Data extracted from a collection
(* Consider $\mathbb{R}$ as an SSD space with the bilinear form $\lfloor x,y\rfloor=xy$, so $q(x)=\frac12x^2$. For a nonempty set $A\subset\mathbb{R}$, one has $A=G_{\Phi_A}$ if and only if $A$ is closed and convex.
   Context: For nonempty $A\subset\mathbb{R}$, $\Phi_A(x)=\sup_{a\in A}\{xa-\frac12a^2\}$. For a proper convex $f:\mathbb{R}\to\mathbb{R}\cup\{+\infty\}$, $f^{@}(b)=\sup_{c\in\mathbb{R}}\{cb-f(c)\}$ and $G_f=\{b\in\mathbb{R}: f(b)+f^{@}(b)=b^2\}$. *)

theory Defs
  imports "HOL-Analysis.Analysis"
begin

definition PhiA :: "real set \<Rightarrow> real \<Rightarrow> ereal" where
  "PhiA A x = (SUP a\<in>A. ereal (x * a - a\<^sup>2 / 2))"

definition fconj :: "(real \<Rightarrow> ereal) \<Rightarrow> real \<Rightarrow> ereal" where
  "fconj f b = (SUP c. ereal (c * b) - f c)"

definition Gset :: "(real \<Rightarrow> ereal) \<Rightarrow> real set" where
  "Gset f = {b. f b + fconj f b = ereal (b\<^sup>2)}"

end

theory Submission
  imports Defs
begin

text \<open>
  For nonempty \<open>A\<close> the function \<open>\<Phi>\<^sub>A\<close> is real valued and \<open>b \<in> G\<^sub>\<Phi>\<^sub>A\<close> means that
  \<open>c b - \<Phi>\<^sub>A(c) \<le> b\<^sup>2 - \<Phi>\<^sub>A(b)\<close> for all \<open>c\<close>. This holds on the closure of \<open>A\<close>.
  If \<open>p \<in> A\<close> is the projection of \<open>b \<noteq> p\<close> onto \<open>A\<close>, i.e. \<open>(a - p)(b - p) \<le> 0\<close> on \<open>A\<close>,
  then the reflection \<open>c = 2b - p\<close> violates the inequality, so \<open>G\<^sub>\<Phi>\<^sub>A \<subseteq> A\<close> for closed
  convex \<open>A\<close>. Conversely, if \<open>A\<close> is closed but has a gap \<open>]m - r, m + r[\<close> with both
  endpoints in \<open>A\<close>, the midpoint \<open>m\<close> lies in \<open>G\<^sub>\<Phi>\<^sub>A\<close> but not in \<open>A\<close>.
\<close>

definition phi :: "real set \<Rightarrow> real \<Rightarrow> real" where
  "phi A x = real_of_ereal (PhiA A x)"

lemma mult_diff_half_square_le: "x * a - a\<^sup>2 / 2 \<le> (x::real)\<^sup>2 / 2"
proof -
  have "0 \<le> (x - a)\<^sup>2" by simp
  thus ?thesis by (simp add: power2_eq_square algebra_simps)
qed

lemma PhiA_eq_phi:
  assumes "A \<noteq> {}"
  shows "PhiA A x = ereal (phi A x)"
proof -
  obtain a0 where a0: "a0 \<in> A" using assms by blast
  have "ereal (x * a0 - a0\<^sup>2 / 2) \<le> PhiA A x"
    unfolding PhiA_def using a0 by (rule SUP_upper)
  moreover have "PhiA A x \<le> ereal (x\<^sup>2 / 2)"
    unfolding PhiA_def by (rule SUP_least) (metis ereal_less_eq(3) mult_diff_half_square_le)
  ultimately have "\<bar>PhiA A x\<bar> \<noteq> \<infinity>" by auto
  thus ?thesis unfolding phi_def by (simp add: ereal_real)
qed

lemma phi_ge:
  assumes "a \<in> A"
  shows "x * a - a\<^sup>2 / 2 \<le> phi A x"
proof -
  have "ereal (x * a - a\<^sup>2 / 2) \<le> PhiA A x"
    unfolding PhiA_def using assms by (rule SUP_upper)
  thus ?thesis using PhiA_eq_phi[of A x] assms by (metis empty_iff ereal_less_eq(3))
qed

lemma phi_le:
  assumes "A \<noteq> {}" "\<And>a. a \<in> A \<Longrightarrow> x * a - a\<^sup>2 / 2 \<le> M"
  shows "phi A x \<le> M"
proof -
  have "PhiA A x \<le> ereal M"
    unfolding PhiA_def by (rule SUP_least) (simp add: assms(2))
  thus ?thesis using PhiA_eq_phi[OF assms(1), of x] by auto
qed

lemma Gset_PhiA_iff:
  assumes "A \<noteq> {}"
  shows "b \<in> Gset (PhiA A) \<longleftrightarrow> (\<forall>c. c * b - phi A c \<le> b\<^sup>2 - phi A b)"
proof -
  define S where "S = (SUP c. ereal (c * b - phi A c))"
  have conj: "fconj (PhiA A) b = S"
    unfolding fconj_def S_def PhiA_eq_phi[OF assms] by simp
  have S_ge: "ereal (b\<^sup>2 - phi A b) \<le> S"
    unfolding S_def by (rule SUP_upper2[of b]) (auto simp: power2_eq_square)
  have "S \<le> ereal (b\<^sup>2 - phi A b) \<longleftrightarrow> (\<forall>c. c * b - phi A c \<le> b\<^sup>2 - phi A b)"
    unfolding S_def SUP_le_iff by simp
  moreover have "ereal (phi A b) + S = ereal (b\<^sup>2) \<longleftrightarrow> S = ereal (b\<^sup>2 - phi A b)"
    by (cases S) (auto simp: algebra_simps)
  ultimately show ?thesis
    using S_ge unfolding Gset_def mem_Collect_eq conj PhiA_eq_phi[OF assms] by auto
qed

lemma closure_subset_Gset_PhiA:
  assumes "A \<noteq> {}"
  shows "closure A \<subseteq> Gset (PhiA A)"
proof
  fix b assume b: "b \<in> closure A"
  have "c * b - phi A c \<le> b\<^sup>2 - phi A b" for c
  proof -
    have "closure A \<subseteq> {a. c * a - a\<^sup>2 / 2 \<le> phi A c}"
      by (rule closure_minimal) (auto simp: phi_ge intro!: closed_Collect_le continuous_intros)
    hence "c * b - b\<^sup>2 / 2 \<le> phi A c" using b by blast
    moreover have "phi A b \<le> b\<^sup>2 / 2"
      by (rule phi_le[OF assms]) (rule mult_diff_half_square_le)
    ultimately show ?thesis by linarith
  qed
  thus "b \<in> Gset (PhiA A)" using Gset_PhiA_iff[OF assms] by blast
qed

lemma projection_notin_Gset_PhiA:
  assumes "p \<in> A" "b \<noteq> p" and proj: "\<And>a. a \<in> A \<Longrightarrow> (a - p) * (b - p) \<le> 0"
  shows "b \<notin> Gset (PhiA A)"
proof
  assume "b \<in> Gset (PhiA A)"
  define c where "c = 2 * b - p"
  have G: "c * b - phi A c \<le> b\<^sup>2 - phi A b"
    using \<open>b \<in> Gset (PhiA A)\<close> Gset_PhiA_iff assms(1) by blast
  have "phi A c \<le> c * p - p\<^sup>2 / 2"
  proof (rule phi_le)
    fix a assume "a \<in> A"
    have "(c * a - a\<^sup>2 / 2) - (c * p - p\<^sup>2 / 2) = 2 * ((a - p) * (b - p)) - (a - p)\<^sup>2 / 2"
      unfolding c_def by (simp add: power2_eq_square field_simps)
    also have "\<dots> \<le> 0" using proj[OF \<open>a \<in> A\<close>] zero_le_power2[of "a - p"] by linarith
    finally show "c * a - a\<^sup>2 / 2 \<le> c * p - p\<^sup>2 / 2" by simp
  qed (use assms(1) in blast)
  moreover have "b * p - p\<^sup>2 / 2 \<le> phi A b" using phi_ge[OF assms(1)] .
  moreover have "(c * b - (c * p - p\<^sup>2 / 2)) - (b\<^sup>2 - (b * p - p\<^sup>2 / 2)) = (b - p)\<^sup>2"
    unfolding c_def by (simp add: power2_eq_square algebra_simps)
  moreover have "(b - p)\<^sup>2 > 0" using assms(2) by simp
  ultimately show False using G by linarith
qed

lemma Gset_PhiA_subset_closed_convex:
  assumes "A \<noteq> {}" "closed A" "convex A"
  shows "Gset (PhiA A) \<subseteq> A"
proof
  fix b assume b: "b \<in> Gset (PhiA A)"
  show "b \<in> A"
  proof (rule ccontr)
    assume "b \<notin> A"
    define p where "p = closest_point A b"
    have "p \<in> A" unfolding p_def using assms closest_point_in_set by blast
    have "(b - p) * (a - p) \<le> 0" if "a \<in> A" for a
      using any_closest_point_dot[OF assms(3,2) \<open>p \<in> A\<close> that] closest_point_le[OF assms(2)]
      unfolding p_def by simp
    hence "b \<notin> Gset (PhiA A)"
      using projection_notin_Gset_PhiA[OF \<open>p \<in> A\<close>] \<open>b \<notin> A\<close> \<open>p \<in> A\<close> by (metis mult.commute)
    thus False using b by blast
  qed
qed

lemma gap_midpoint_in_Gset_PhiA:
  assumes "0 \<le> r" "m - r \<in> A" "m + r \<in> A" and gap: "\<And>a. a \<in> A \<Longrightarrow> r \<le> \<bar>a - m\<bar>"
  shows "m \<in> Gset (PhiA A)"
proof -
  have ne: "A \<noteq> {}" using assms(2) by blast
  have phi_m: "phi A m \<le> m\<^sup>2 / 2 - r\<^sup>2 / 2"
  proof (rule phi_le[OF ne])
    fix a assume "a \<in> A"
    have "r\<^sup>2 \<le> (a - m)\<^sup>2"
      using gap[OF \<open>a \<in> A\<close>] assms(1) by (metis power2_abs power_mono)
    thus "m * a - a\<^sup>2 / 2 \<le> m\<^sup>2 / 2 - r\<^sup>2 / 2"
      by (simp add: power2_eq_square algebra_simps)
  qed
  have "c * m - phi A c \<le> m\<^sup>2 - phi A m" for c
  proof -
    obtain s where s: "s = 1 \<or> s = -1" "s * (c - m) \<le> 0"
      by (cases "c \<le> m") (auto intro: that[of 1] that[of "-1"])
    have "m - s * r \<in> A" using s(1) assms(2,3) by auto
    hence "c * (m - s * r) - (m - s * r)\<^sup>2 / 2 \<le> phi A c" by (rule phi_ge)
    moreover have "c * m - (c * (m - s * r) - (m - s * r)\<^sup>2 / 2)
        = m\<^sup>2 / 2 + s\<^sup>2 * r\<^sup>2 / 2 + r * (s * (c - m))"
      by (simp add: power2_eq_square field_simps)
    moreover have "s\<^sup>2 * r\<^sup>2 = r\<^sup>2" using s(1) by auto
    moreover have "r * (s * (c - m)) \<le> 0" using assms(1) s(2) by (simp add: mult_nonneg_nonpos)
    ultimately show ?thesis using phi_m by linarith
  qed
  thus ?thesis using Gset_PhiA_iff[OF ne] by blast
qed

lemma closed_gap_around_nonmember:
  fixes A :: "real set"
  assumes "closed A" "l0 \<in> A" "u0 \<in> A" "l0 \<le> x" "x \<le> u0" "x \<notin> A"
  obtains l u where "l \<in> A" "u \<in> A" "l < x" "x < u" "\<And>a. a \<in> A \<Longrightarrow> a \<le> l \<or> u \<le> a"
proof -
  define L where "L = A \<inter> {..x}"
  define U where "U = A \<inter> {x..}"
  have "closed L" "closed U" "L \<noteq> {}" "U \<noteq> {}" "bdd_above L" "bdd_below U"
    using assms unfolding L_def U_def by (auto intro: bdd_aboveI bdd_belowI)
  hence "Sup L \<in> L" "Inf U \<in> U"
    using closed_contains_Sup[of L] closed_contains_Inf[of U] by simp_all
  moreover have "a \<le> Sup L \<or> Inf U \<le> a" if "a \<in> A" for a
    using that cSup_upper[OF _ \<open>bdd_above L\<close>] cInf_lower[OF _ \<open>bdd_below U\<close>]
    unfolding L_def U_def by (meson IntI atLeast_iff atMost_iff linear)
  moreover have "Sup L \<noteq> x" "Inf U \<noteq> x" using calculation(1,2) assms(6) unfolding L_def U_def by auto
  ultimately show ?thesis
    using that[of "Sup L" "Inf U"] unfolding L_def U_def by fastforce
qed

theorem mainTheorem20:
  fixes A :: "real set"
  assumes "A \<noteq> {}"
  shows "A = Gset (PhiA A) \<longleftrightarrow> closed A \<and> convex A"
proof
  assume A_eq: "A = Gset (PhiA A)"
  hence closed: "closed A"
    using closure_subset_Gset_PhiA[OF assms] closure_subset_eq by blast
  have "x \<in> A" if between: "a1 \<in> A" "a2 \<in> A" "a1 \<le> x" "x \<le> a2" for a1 a2 x
  proof (rule ccontr)
    assume "x \<notin> A"
    then obtain l u where lu: "l \<in> A" "u \<in> A" "l < x" "x < u"
      and gap: "\<And>a. a \<in> A \<Longrightarrow> a \<le> l \<or> u \<le> a"
      using closed_gap_around_nonmember[OF closed between \<open>x \<notin> A\<close>] by blast
    define m where "m = (l + u) / 2"
    define r where "r = (u - l) / 2"
    have "m - r = l" "m + r = u" "0 \<le> r" "r \<le> \<bar>a - m\<bar> \<longleftrightarrow> a \<le> l \<or> u \<le> a" for a
      using lu unfolding m_def r_def by (auto simp: field_simps abs_if)
    hence "m \<in> A" using gap_midpoint_in_Gset_PhiA[of r m A] lu gap A_eq by simp
    thus False using gap[of m] lu unfolding m_def by (auto simp: field_simps)
  qed
  thus "closed A \<and> convex A" using closed is_interval_convex_1 is_interval_1 by blast
next
  assume "closed A \<and> convex A"
  thus "A = Gset (PhiA A)"
    using closure_subset_Gset_PhiA[OF assms] Gset_PhiA_subset_closed_convex[OF assms] closure_subset
    by blast
qed

end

WORK TASK
In the entries above, identify each line that includes the string "assumes", then copy it.

EXERCISE ANSWER
  assumes "A \<noteq> {}"
  assumes "a \<in> A"
  assumes "A \<noteq> {}" "\<And>a. a \<in> A \<Longrightarrow> x * a - a\<^sup>2 / 2 \<le> M"
  assumes "A \<noteq> {}"
  assumes "A \<noteq> {}"
  assumes "p \<in> A" "b \<noteq> p" and proj: "\<And>a. a \<in> A \<Longrightarrow> (a - p) * (b - p) \<le> 0"
  assumes "A \<noteq> {}" "closed A" "convex A"
  assumes "0 \<le> r" "m - r \<in> A" "m + r \<in> A" and gap: "\<And>a. a \<in> A \<Longrightarrow> r \<le> \<bar>a - m\<bar>"
  assumes "closed A" "l0 \<in> A" "u0 \<in> A" "l0 \<le> x" "x \<le> u0" "x \<notin> A"
  assumes "A \<noteq> {}"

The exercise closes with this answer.